Goal of the exercise:
Would it be possible to reproduce every entry exactly, please?

- Opening Delimiter -

text \<open>For \<open>|z| = 1\<close>, \<open>(T + z a)\<^sup>* (T + z a)\<close> is the convex combination of the cases \<open>z = \<plusminus>1\<close>
  with weights \<open>(1 \<plusminus> Re z) / 2\<close>.\<close>

lemma norm_rotation_le:
  fixes a :: "'a::unital_cstar_algebra"
  assumes sa: "adj a = a" and T: "0 \<le> T"
    and plus: "norm (of_real T + a) \<le> T" and minus: "norm (of_real T - a) \<le> T"
    and z: "cmod z = 1"
  shows "norm (of_real T + scaleC z a) \<le> T"
proof -
  define c where "c = Re z"
  have c: "-1 \<le> c" "c \<le> 1" using abs_Re_le_cmod[of z] z unfolding c_def by auto
  define sq where "sq w = adj (of_real T + scaleC w a) * (of_real T + scaleC w a)" for w
  have sq_plus: "norm (sq 1) \<le> T\<^sup>2" and sq_minus: "norm (sq (-1)) \<le> T\<^sup>2"
    using cstar_identity[of "of_real T + scaleC 1 a"] cstar_identity[of "of_real T + scaleC (-1) a"]
      plus minus T scaleC_one[of a] scaleC_minus_left[of 1 a]
    by (simp_all add: sq_def power_mono)
  define x y where "x = of_real (T\<^sup>2) + a * a" and "y = scaleR (2 * T) a"
  have "sq w = x + scaleR (Re w) y" if "cmod w = 1" for w
    using adj_mult_self_rotation[OF sa that] by (simp add: sq_def x_def y_def algebra_simps)
  moreover have "scaleR ((1 + c) / 2) (x + y) + scaleR ((1 - c) / 2) (x - y)
      = scaleR ((1 + c) / 2 + (1 - c) / 2) x + scaleR ((1 + c) / 2 - (1 - c) / 2) y"
    by (simp add: algebra_simps)
  moreover have "(1 + c) / 2 + (1 - c) / 2 = 1" "(1 + c) / 2 - (1 - c) / 2 = c"
    by (simp_all add: field_simps)
  ultimately have "sq z = scaleR ((1 + c) / 2) (sq 1) + scaleR ((1 - c) / 2) (sq (-1))"
    using z by (simp add: c_def)
  then have "norm (sq z) = norm (scaleR ((1 + c) / 2) (sq 1) + scaleR ((1 - c) / 2) (sq (-1)))"
    by simp
  also have "\<dots> \<le> ((1 + c) / 2) * norm (sq 1) + ((1 - c) / 2) * norm (sq (-1))"
    using c by (intro order_trans[OF norm_triangle_ineq] add_mono) simp_all
  also have "\<dots> \<le> ((1 + c) / 2) * T\<^sup>2 + ((1 - c) / 2) * T\<^sup>2"
    using c sq_plus sq_minus by (intro add_mono mult_left_mono) auto
  also have "\<dots> = T\<^sup>2" by (simp add: field_simps)
  finally have "(norm (of_real T + scaleC z a))\<^sup>2 \<le> T\<^sup>2"
    by (simp add: sq_def cstar_identity)
  then show ?thesis using T by (rule power2_le_imp_le)
qed

lemma power_of_real_add_scaleC:
  fixes a :: "'a::unital_cstar_algebra"
  shows "(of_real T + scaleC z a) ^ n =
    (\<Sum>j\<le>n. scaleC (of_nat (n choose j) * complex_of_real T ^ (n - j) * z ^ j) (a ^ j))"
proof (induction n)
  case 0
  then show ?case by (simp add: scaleC_one)
next
  case (Suc n)
  define c where "c j = of_nat (n choose j) * complex_of_real T ^ (n - j) * z ^ j" for j
  define g where "g j = scaleC (complex_of_real T * c j) (a ^ j)" for j
  define h where "h j = scaleC (z * c j) (a ^ Suc j)" for j
  define f where "f j = scaleC (of_nat (Suc n choose j) * complex_of_real T ^ (Suc n - j) * z ^ j) (a ^ j)" for j
  have f_Suc: "f (Suc j) = g (Suc j) + h j" if "j \<le> n" for j
  proof (cases "j = n")
    case True
    then show ?thesis by (simp add: f_def g_def h_def c_def scaleC_add_left[symmetric] binomial_eq_0)
  next
    case False
    then have pw: "complex_of_real T * complex_of_real T ^ (n - Suc j) = complex_of_real T ^ (n - j)"
      using that by (metis Suc_diff_Suc le_neq_implies_less power_Suc)
    have "f (Suc j) = scaleC (of_nat (n choose Suc j) * complex_of_real T ^ (n - j) * z ^ Suc j
        + z * c j) (a ^ Suc j)"
      unfolding f_def c_def by (simp add: algebra_simps)
    also have "\<dots> = g (Suc j) + h j"
      unfolding g_def h_def scaleC_add_left[symmetric] c_def
      by (simp only: pw[symmetric]) (simp add: algebra_simps)
    finally show ?thesis .
  qed
  have "(of_real T + scaleC z a) ^ Suc n = (of_real T + scaleC z a) * (\<Sum>j\<le>n. scaleC (c j) (a ^ j))"
    using Suc.IH by (simp add: c_def)
  also have "\<dots> = (\<Sum>j\<le>n. g j) + (\<Sum>j\<le>n. h j)"
    by (simp add: g_def h_def distrib_right sum_distrib_left sum.distrib of_real_eq_scaleC
         mult_scaleC_left mult_scaleC_right scaleC_scaleC scaleC_add_right mult.commute)
  also have "(\<Sum>j\<le>n. g j) = (\<Sum>j\<le>Suc n. g j)"
    by (simp add: g_def c_def binomial_eq_0)
  also have "\<dots> = g 0 + (\<Sum>j\<le>n. g (Suc j))"
    by (rule sum.atMost_Suc_shift)
  also have "g 0 + (\<Sum>j\<le>n. g (Suc j)) + (\<Sum>j\<le>n. h j) = f 0 + (\<Sum>j\<le>n. f (Suc j))"
    using f_Suc by (simp add: sum.distrib f_def g_def c_def add_ac)
  also have "\<dots> = (\<Sum>j\<le>Suc n. f j)"
    by (rule sum.atMost_Suc_shift[symmetric])
  finally show ?case by (simp add: f_def)
qed

lemma root_of_unity_power_eq_1_iff:
  assumes "0 < N"
  shows "cis (2 * pi / real N) ^ m = 1 \<longleftrightarrow> N dvd m"
proof -
  define w where "w = cis (2 * pi / real N)"
  have wN: "w ^ N = 1" using assms by (simp add: w_def DeMoivre)
  have "w ^ m = w ^ (N * (m div N) + m mod N)" by simp
  also have "\<dots> = (w ^ N) ^ (m div N) * w ^ (m mod N)" by (simp only: power_add power_mult)
  also have "\<dots> = w ^ (m mod N)" by (simp add: wN)
  also have "\<dots> = cis (2 * pi * real (m mod N) / real N)"
    by (simp add: w_def DeMoivre mult_ac)
  finally have "w ^ m = cis (2 * pi * real (m mod N) / real N)" .
  moreover have "inj_on (\<lambda>k. cis (2 * pi * real k / real N)) {..<N}"
    using bij_betw_roots_unity[OF assms] by (simp add: bij_betw_def)
  then have "cis (2 * pi * real (m mod N) / real N) = cis (2 * pi * real 0 / real N) \<longleftrightarrow> m mod N = 0"
    using assms by (intro inj_on_eq_iff) auto
  ultimately show ?thesis by (simp add: w_def dvd_eq_mod_eq_0)
qed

- Closing Delimiter -

Exercise response:
text \<open>For \<open>|z| = 1\<close>, \<open>(T + z a)\<^sup>* (T + z a)\<close> is the convex combination of the cases \<open>z = \<plusminus>1\<close>
  with weights \<open>(1 \<plusminus> Re z) / 2\<close>.\<close>

lemma norm_rotation_le:
  fixes a :: "'a::unital_cstar_algebra"
  assumes sa: "adj a = a" and T: "0 \<le> T"
    and plus: "norm (of_real T + a) \<le> T" and minus: "norm (of_real T - a) \<le> T"
    and z: "cmod z = 1"
  shows "norm (of_real T + scaleC z a) \<le> T"
proof -
  define c where "c = Re z"
  have c: "-1 \<le> c" "c \<le> 1" using abs_Re_le_cmod[of z] z unfolding c_def by auto
  define sq where "sq w = adj (of_real T + scaleC w a) * (of_real T + scaleC w a)" for w
  have sq_plus: "norm (sq 1) \<le> T\<^sup>2" and sq_minus: "norm (sq (-1)) \<le> T\<^sup>2"
    using cstar_identity[of "of_real T + scaleC 1 a"] cstar_identity[of "of_real T + scaleC (-1) a"]
      plus minus T scaleC_one[of a] scaleC_minus_left[of 1 a]
    by (simp_all add: sq_def power_mono)
  define x y where "x = of_real (T\<^sup>2) + a * a" and "y = scaleR (2 * T) a"
  have "sq w = x + scaleR (Re w) y" if "cmod w = 1" for w
    using adj_mult_self_rotation[OF sa that] by (simp add: sq_def x_def y_def algebra_simps)
  moreover have "scaleR ((1 + c) / 2) (x + y) + scaleR ((1 - c) / 2) (x - y)
      = scaleR ((1 + c) / 2 + (1 - c) / 2) x + scaleR ((1 + c) / 2 - (1 - c) / 2) y"
    by (simp add: algebra_simps)
  moreover have "(1 + c) / 2 + (1 - c) / 2 = 1" "(1 + c) / 2 - (1 - c) / 2 = c"
    by (simp_all add: field_simps)
  ultimately have "sq z = scaleR ((1 + c) / 2) (sq 1) + scaleR ((1 - c) / 2) (sq (-1))"
    using z by (simp add: c_def)
  then have "norm (sq z) = norm (scaleR ((1 + c) / 2) (sq 1) + scaleR ((1 - c) / 2) (sq (-1)))"
    by simp
  also have "\<dots> \<le> ((1 + c) / 2) * norm (sq 1) + ((1 - c) / 2) * norm (sq (-1))"
    using c by (intro order_trans[OF norm_triangle_ineq] add_mono) simp_all
  also have "\<dots> \<le> ((1 + c) / 2) * T\<^sup>2 + ((1 - c) / 2) * T\<^sup>2"
    using c sq_plus sq_minus by (intro add_mono mult_left_mono) auto
  also have "\<dots> = T\<^sup>2" by (simp add: field_simps)
  finally have "(norm (of_real T + scaleC z a))\<^sup>2 \<le> T\<^sup>2"
    by (simp add: sq_def cstar_identity)
  then show ?thesis using T by (rule power2_le_imp_le)
qed

lemma power_of_real_add_scaleC:
  fixes a :: "'a::unital_cstar_algebra"
  shows "(of_real T + scaleC z a) ^ n =
    (\<Sum>j\<le>n. scaleC (of_nat (n choose j) * complex_of_real T ^ (n - j) * z ^ j) (a ^ j))"
proof (induction n)
  case 0
  then show ?case by (simp add: scaleC_one)
next
  case (Suc n)
  define c where "c j = of_nat (n choose j) * complex_of_real T ^ (n - j) * z ^ j" for j
  define g where "g j = scaleC (complex_of_real T * c j) (a ^ j)" for j
  define h where "h j = scaleC (z * c j) (a ^ Suc j)" for j
  define f where "f j = scaleC (of_nat (Suc n choose j) * complex_of_real T ^ (Suc n - j) * z ^ j) (a ^ j)" for j
  have f_Suc: "f (Suc j) = g (Suc j) + h j" if "j \<le> n" for j
  proof (cases "j = n")
    case True
    then show ?thesis by (simp add: f_def g_def h_def c_def scaleC_add_left[symmetric] binomial_eq_0)
  next
    case False
    then have pw: "complex_of_real T * complex_of_real T ^ (n - Suc j) = complex_of_real T ^ (n - j)"
      using that by (metis Suc_diff_Suc le_neq_implies_less power_Suc)
    have "f (Suc j) = scaleC (of_nat (n choose Suc j) * complex_of_real T ^ (n - j) * z ^ Suc j
        + z * c j) (a ^ Suc j)"
      unfolding f_def c_def by (simp add: algebra_simps)
    also have "\<dots> = g (Suc j) + h j"
      unfolding g_def h_def scaleC_add_left[symmetric] c_def
      by (simp only: pw[symmetric]) (simp add: algebra_simps)
    finally show ?thesis .
  qed
  have "(of_real T + scaleC z a) ^ Suc n = (of_real T + scaleC z a) * (\<Sum>j\<le>n. scaleC (c j) (a ^ j))"
    using Suc.IH by (simp add: c_def)
  also have "\<dots> = (\<Sum>j\<le>n. g j) + (\<Sum>j\<le>n. h j)"
    by (simp add: g_def h_def distrib_right sum_distrib_left sum.distrib of_real_eq_scaleC
         mult_scaleC_left mult_scaleC_right scaleC_scaleC scaleC_add_right mult.commute)
  also have "(\<Sum>j\<le>n. g j) = (\<Sum>j\<le>Suc n. g j)"
    by (simp add: g_def c_def binomial_eq_0)
  also have "\<dots> = g 0 + (\<Sum>j\<le>n. g (Suc j))"
    by (rule sum.atMost_Suc_shift)
  also have "g 0 + (\<Sum>j\<le>n. g (Suc j)) + (\<Sum>j\<le>n. h j) = f 0 + (\<Sum>j\<le>n. f (Suc j))"
    using f_Suc by (simp add: sum.distrib f_def g_def c_def add_ac)
  also have "\<dots> = (\<Sum>j\<le>Suc n. f j)"
    by (rule sum.atMost_Suc_shift[symmetric])
  finally show ?case by (simp add: f_def)
qed

lemma root_of_unity_power_eq_1_iff:
  assumes "0 < N"
  shows "cis (2 * pi / real N) ^ m = 1 \<longleftrightarrow> N dvd m"
proof -
  define w where "w = cis (2 * pi / real N)"
  have wN: "w ^ N = 1" using assms by (simp add: w_def DeMoivre)
  have "w ^ m = w ^ (N * (m div N) + m mod N)" by simp
  also have "\<dots> = (w ^ N) ^ (m div N) * w ^ (m mod N)" by (simp only: power_add power_mult)
  also have "\<dots> = w ^ (m mod N)" by (simp add: wN)
  also have "\<dots> = cis (2 * pi * real (m mod N) / real N)"
    by (simp add: w_def DeMoivre mult_ac)
  finally have "w ^ m = cis (2 * pi * real (m mod N) / real N)" .
  moreover have "inj_on (\<lambda>k. cis (2 * pi * real k / real N)) {..<N}"
    using bij_betw_roots_unity[OF assms] by (simp add: bij_betw_def)
  then have "cis (2 * pi * real (m mod N) / real N) = cis (2 * pi * real 0 / real N) \<longleftrightarrow> m mod N = 0"
    using assms by (intro inj_on_eq_iff) auto
  ultimately show ?thesis by (simp add: w_def dvd_eq_mod_eq_0)
qed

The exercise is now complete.